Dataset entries
lemma expectation_exp_tau_le:
  assumes "0 < al" "D = \<bar>mu - th\<bar>" "0 < D" "D \<le> 1" "ln (1 / D) \<le> C"
  shows "expectation (\<lambda>\<omega>. exp (D\<^sup>2 * tau Y th al C \<omega>)) \<le> exp (8 + 18 * (C - ln (1 / D)) / al)"
proof -
  define Z where "Z = 9 / 8 + 18 * (C - ln (1 / D)) / al"
  have "0 < D\<^sup>2" "D\<^sup>2 \<le> 1"
    using assms(3,4) by (auto simp: power_le_one)
  then have "exp (D\<^sup>2) - 1 \<le> 2 * D\<^sup>2" "exp (D\<^sup>2) \<le> 3"
    using exp_le_one_plus_twice[of "D\<^sup>2"] by simp_all
  have "35 \<le> exp (6 :: real)"
  proof -
    have "(2 :: real) ^ 6 \<le> exp 1 ^ 6"
      using exp_ge_add_one_self[of 1] by (intro power_mono) auto
    then show ?thesis
      using exp_of_nat_mult[of 6 "1 :: real"] by simp
  qed
  have "1 \<le> exp Z"
    using assms(1,5) by (simp add: Z_def)
  have "expectation (\<lambda>\<omega>. exp (D\<^sup>2 * tau Y th al C \<omega>))
      \<le> exp (D\<^sup>2) + 2 * exp Z * (exp (D\<^sup>2) - 1) / (9 / 8 * D\<^sup>2 - D\<^sup>2)"
  proof (rule expectation_exp_le_of_tail)
    show "tau Y th al C \<in> measurable M (count_space UNIV)"
      using measurable_sample by (rule tau_measurable)
    show "1 \<le> tau Y th al C \<omega> \<and> tau Y th al C \<omega> \<le> tau_cap C" for \<omega>
      using tau_spec(1)[OF less_imp_le[OF assms(1)], where Y = Y and th = th and C = C and \<omega> = \<omega>]
        tau_le_tau_cap[OF less_imp_le[OF assms(1)], where Y = Y and th = th and C = C and \<omega> = \<omega>]
      by (simp add: Suc_le_eq)
    show "prob {\<omega>\<in>space M. n < tau Y th al C \<omega>} \<le> 2 * exp Z * exp (- (9 / 8 * D\<^sup>2) * n)" for n
      using prob_less_tau_le_exp[OF assms(1-3,5)] by (simp add: Z_def)
  qed (use \<open>0 < D\<^sup>2\<close> in auto)
  also have "\<dots> = exp (D\<^sup>2) + 16 * ((exp (D\<^sup>2) - 1) / D\<^sup>2) * exp Z"
    using \<open>0 < D\<^sup>2\<close> by (simp add: field_simps)
  also have "\<dots> \<le> 3 + 16 * 2 * exp Z"
    using \<open>exp (D\<^sup>2) \<le> 3\<close> \<open>exp (D\<^sup>2) - 1 \<le> 2 * D\<^sup>2\<close> \<open>0 < D\<^sup>2\<close>
    by (intro add_mono mult_right_mono mult_left_mono) (auto simp: pos_divide_le_eq)
  also have "\<dots> \<le> exp 6 * exp Z"
    using \<open>1 \<le> exp Z\<close> mult_right_mono[OF \<open>35 \<le> exp 6\<close>, of "exp Z"] by linarith
  also have "\<dots> \<le> exp (8 + 18 * (C - ln (1 / D)) / al)"
    by (simp add: Z_def flip: exp_add)
  finally show ?thesis .
qed

lemma expectation_exp_tau_budget_le:
  assumes "0 < al" "D = \<bar>mu - th\<bar>" "0 < D" "D \<le> 1" "0 \<le> k" "ln (1 / D) + k < x" "40 \<le> Mc"
  shows "expectation (\<lambda>\<omega>. exp (D\<^sup>2 * (tau Y th al (x - k) \<omega> - Mc * gfun al D x)))
    \<le> exp (- 40 * k / al)"
proof -
  let ?L = "ln (1 / D)"
  let ?B = "Mc * gfun al D x"
  define y where "y = (x - ?L) / al"
  define \<kappa> where "\<kappa> = k / al"
  have "D\<^sup>2 * ?B = Mc * (1 + y)"
    using assms(1,3,5,6) by (simp add: gfun_linear exp_two_ln_inverse y_def)
  have "\<kappa> \<le> y" "0 \<le> \<kappa>"
    using assms(1,5,6) by (auto simp: y_def \<kappa>_def divide_right_mono)
  then have "40 * (1 + y) \<le> Mc * (1 + y)"
    using assms(7) by (intro mult_right_mono) auto
  have "18 * (x - k - ?L) / al = 18 * y - 18 * \<kappa>" "- 40 * k / al = - 40 * \<kappa>"
    using assms(1) by (simp_all add: y_def \<kappa>_def field_simps)
  have "expectation (\<lambda>\<omega>. exp (D\<^sup>2 * (tau Y th al (x - k) \<omega> - ?B)))
      = expectation (\<lambda>\<omega>. exp (- (D\<^sup>2 * ?B)) * exp (D\<^sup>2 * tau Y th al (x - k) \<omega>))"
    by (simp add: right_diff_distrib exp_diff exp_minus field_simps)
  also have "\<dots> = exp (- (D\<^sup>2 * ?B)) * expectation (\<lambda>\<omega>. exp (D\<^sup>2 * tau Y th al (x - k) \<omega>))"
    by (rule integral_mult_right_zero)
  also have "\<dots> \<le> exp (- (D\<^sup>2 * ?B)) * exp (8 + 18 * (x - k - ?L) / al)"
    using assms(1-6) by (intro mult_left_mono expectation_exp_tau_le) auto
  also have "\<dots> = exp (8 + 18 * y - 18 * \<kappa> - Mc * (1 + y))"
    unfolding \<open>D\<^sup>2 * ?B = Mc * (1 + y)\<close> \<open>18 * (x - k - ?L) / al = 18 * y - 18 * \<kappa>\<close>
    by (simp flip: exp_add)
  also have "\<dots> \<le> exp (- 40 * k / al)"
    unfolding \<open>- 40 * k / al = - 40 * \<kappa>\<close>
    using \<open>40 * (1 + y) \<le> Mc * (1 + y)\<close> \<open>\<kappa> \<le> y\<close> \<open>0 \<le> \<kappa>\<close> by simp
  finally show ?thesis .
qed

lemma tau_within_budget_or_exp_moment_le:
  assumes "0 < al" "0 \<le> th" "th \<le> 1" "0 \<le> k" "k \<le> x" "40 \<le> Mc"
  defines "D \<equiv> \<bar>mu - th\<bar>"
  shows "(\<forall>\<omega>\<in>space M. tau Y th al (x - k) \<omega> - Mc * gfun al D x \<le> 0)
    \<or> (0 < D\<^sup>2 \<and> expectation (\<lambda>\<omega>. exp (D\<^sup>2 * (tau Y th al (x - k) \<omega> - Mc * gfun al D x)))
          \<le> exp (- 40 * k / al))"
proof -
  have "0 \<le> D" "D \<le> 1"
    using mean_in_unit assms(2,3) by (auto simp: D_def)
  show ?thesis
  proof (cases "D = 0 \<or> x - k \<le> ln (1 / D)")
    case True
    then show ?thesis
      using tau_le_budget[of al D x "x - k" Mc Y th] assms \<open>0 \<le> D\<close> \<open>D \<le> 1\<close> by auto
  next
    case False
    then show ?thesis
      using expectation_exp_tau_budget_le[of al D th k x Mc] assms \<open>D \<le> 1\<close> by (auto simp: D_def)
  qed
qed

end

lemma (in prob_space) bandit_arm_of_row:
  fixes X :: "'i \<Rightarrow> nat \<Rightarrow> 'a \<Rightarrow> real"
  assumes "indep_vars (\<lambda>_. borel) (\<lambda>(i, s). X i s) (I \<times> {1..})" "i \<in> I"
    and "\<And>s \<omega>. 1 \<le> s \<Longrightarrow> \<omega> \<in> space M \<Longrightarrow> X i s \<omega> \<in> {0..1}"
    and "\<And>s. 1 \<le> s \<Longrightarrow> distr M borel (X i s) = distr M borel (X i 1)"
    and "expectation (X i 1) = mu"
  shows "bandit_arm M (X i) mu"
proof unfold_locales
  show "indep_vars (\<lambda>_. borel) (X i) {1..}"
    using assms(1,2) by (rule indep_vars_row)
qed (use assms(3-5) in blast)+

section \<open>The total sampling time\<close>

lemma (in prob_space) prob_total_tau_le_budget:
  fixes X :: "'i \<Rightarrow> nat \<Rightarrow> 'a \<Rightarrow> real"
  assumes "finite I" "indep_vars (\<lambda>_. borel) (\<lambda>(i, s). X i s) (I \<times> {1..})"
    and arms: "\<And>i. i \<in> I \<Longrightarrow> bandit_arm M (X i) (mu i)"
    and "0 < al" "0 \<le> th" "th \<le> 1" "0 \<le> k" "k \<le> x" "40 \<le> Mc"
  shows "1 - exp (- 40 * k / al) \<le> prob {\<omega>\<in>space M.
    real (\<Sum>i\<in>I. tau (X i) th al (x - k) \<omega>) \<le> (\<Sum>i\<in>I. Mc * gfun al \<bar>mu i - th\<bar> x)}"
proof -
  define B where "B i = Mc * gfun al \<bar>mu i - th\<bar> x" for i
  define W where "W i \<omega> = real (tau (X i) th al (x - k) \<omega>) - B i" for i \<omega>
  have indep: "indep_vars (\<lambda>_. borel) W I"
    using indep_vars_tau[OF assms(2)] unfolding W_def by (rule indep_vars_compose2) simp
  have "prob {\<omega>\<in>space M. 0 < (\<Sum>i\<in>I. W i \<omega>)} \<le> exp (- 40 * k / al)"
  proof (rule prob_sum_pos_le[OF assms(1) indep])
    show "W i \<omega> \<le> tau_cap (x - k)" if "i \<in> I" for i \<omega>
    proof -
      have "\<bar>mu i - th\<bar> \<le> 1"
        using bandit_arm.mean_in_unit[OF arms[OF that]] assms(5,6) by auto
      then have "0 \<le> B i"
        using assms(4,7-9) one_le_gfun[of al "\<bar>mu i - th\<bar>" x] by (simp add: B_def)
      moreover have "tau (X i) th al (x - k) \<omega> \<le> tau_cap (x - k)"
        using assms(4) by (simp add: tau_le_tau_cap)
      ultimately show ?thesis
        unfolding W_def by linarith
    qed
    show "(\<forall>\<omega>\<in>space M. W i \<omega> \<le> 0)
        \<or> (0 < \<bar>mu i - th\<bar>\<^sup>2 \<and> expectation (\<lambda>\<omega>. exp (\<bar>mu i - th\<bar>\<^sup>2 * W i \<omega>)) \<le> exp (- 40 * k / al))"
      if "i \<in> I" for i
      using bandit_arm.tau_within_budget_or_exp_moment_le[OF arms[OF that] assms(4-9)]
      by (simp add: W_def B_def)
  qed (use assms(4,7) in auto)
  moreover have "{\<omega>\<in>space M. 0 < (\<Sum>i\<in>I. W i \<omega>)} \<in> events"
  proof -
    have "(\<lambda>\<omega>. \<Sum>i\<in>I. W i \<omega>) \<in> borel_measurable M"
      using indep by (intro borel_measurable_sum) (simp add: indep_vars_def)
    then show ?thesis
      by measurable
  qed
  moreover have "{\<omega>\<in>space M. real (\<Sum>i\<in>I. tau (X i) th al (x - k) \<omega>) \<le> (\<Sum>i\<in>I. B i)}
      = space M - {\<omega>\<in>space M. 0 < (\<Sum>i\<in>I. W i \<omega>)}"
    by (auto simp: W_def sum_subtractf)
  ultimately show ?thesis
    by (simp add: prob_compl B_def)
qed

theorem lemma8:
  fixes M :: "'a measure" and X :: "nat \<Rightarrow> nat \<Rightarrow> 'a \<Rightarrow> real"
    and mu :: "nat \<Rightarrow> real" and th al k :: real and K T :: nat
  assumes "prob_space M"
    and "K \<ge> 2"
    and "\<And>i s. i < K \<Longrightarrow> s \<ge> 1 \<Longrightarrow> X i s \<in> borel_measurable M"
    and "\<And>i s \<omega>. i < K \<Longrightarrow> s \<ge> 1 \<Longrightarrow> \<omega> \<in> space M \<Longrightarrow> X i s \<omega> \<in> {0..1}"
    and "prob_space.indep_vars M (\<lambda>_. borel) (\<lambda>(i, s). X i s) ({..<K} \<times> {1..})"
    and "\<And>i s. i < K \<Longrightarrow> s \<ge> 1 \<Longrightarrow> distr M borel (X i s) = distr M borel (X i 1)"
    and "\<And>i. i < K \<Longrightarrow> prob_space.expectation M (X i 1) = mu i"
    and "0 < th" and "th < 1"
    and "0 < al" and "al \<le> 8"
    and "real T \<ge> Mconst al * real K"
    and "0 \<le> k" and "k < Lambda al th mu K (real T)"
  shows "measure M {\<omega> \<in> space M.
            (\<Sum>i<K. tau (X i) th al (Lambda al th mu K (real T) - k) \<omega>) \<le> T}
         \<ge> 1 - exp (- 40 * k / al)"
proof -
  interpret prob_space M
    by (rule assms(1))
  define Lam where "Lam = Lambda al th mu K (real T)"
  have arm: "bandit_arm M (X i) (mu i)" if "i < K" for i
    by (rule bandit_arm_of_row[OF assms(5) _ assms(4)[OF that] assms(6)[OF that] assms(7)[OF that]])
      (simp add: that)
  have "\<bar>mu i - th\<bar> \<le> 1" if "i < K" for i
    using bandit_arm.mean_in_unit[OF arm[OF that]] assms(8,9) by auto
  then have "0 \<le> Lam" "(\<Sum>i<K. gfun al \<bar>mu i - th\<bar> Lam) = T / Mconst al"
    using Lambda_spec[OF assms(10,11), of K mu th "real T"] assms(2,12)
    by (auto simp: Lam_def Mconst_def field_simps)
  then have "(\<Sum>i<K. Mconst al * gfun al \<bar>mu i - th\<bar> Lam) = T"
    by (simp add: Mconst_def flip: sum_distrib_left)
  moreover have "1 - exp (- 40 * k / al) \<le> prob {\<omega>\<in>space M.
      real (\<Sum>i<K. tau (X i) th al (Lam - k) \<omega>) \<le> (\<Sum>i<K. Mconst al * gfun al \<bar>mu i - th\<bar> Lam)}"
    using assms(5,8-10,13,14) arm by (intro prob_total_tau_le_budget) (auto simp: Lam_def Mconst_def)
  ultimately show ?thesis
    by (simp add: Lam_def del: of_nat_sum)
qed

▸ WHAT TO DO
Please go through the data above and copy every line that has the word "assumes".

▸ RESPONSE AREA
  assumes "0 < al" "D = \<bar>mu - th\<bar>" "0 < D" "D \<le> 1" "ln (1 / D) \<le> C"
  assumes "0 < al" "D = \<bar>mu - th\<bar>" "0 < D" "D \<le> 1" "0 \<le> k" "ln (1 / D) + k < x" "40 \<le> Mc"
  assumes "0 < al" "0 \<le> th" "th \<le> 1" "0 \<le> k" "k \<le> x" "40 \<le> Mc"
  assumes "indep_vars (\<lambda>_. borel) (\<lambda>(i, s). X i s) (I \<times> {1..})" "i \<in> I"
  assumes "finite I" "indep_vars (\<lambda>_. borel) (\<lambda>(i, s). X i s) (I \<times> {1..})"
  assumes "prob_space M"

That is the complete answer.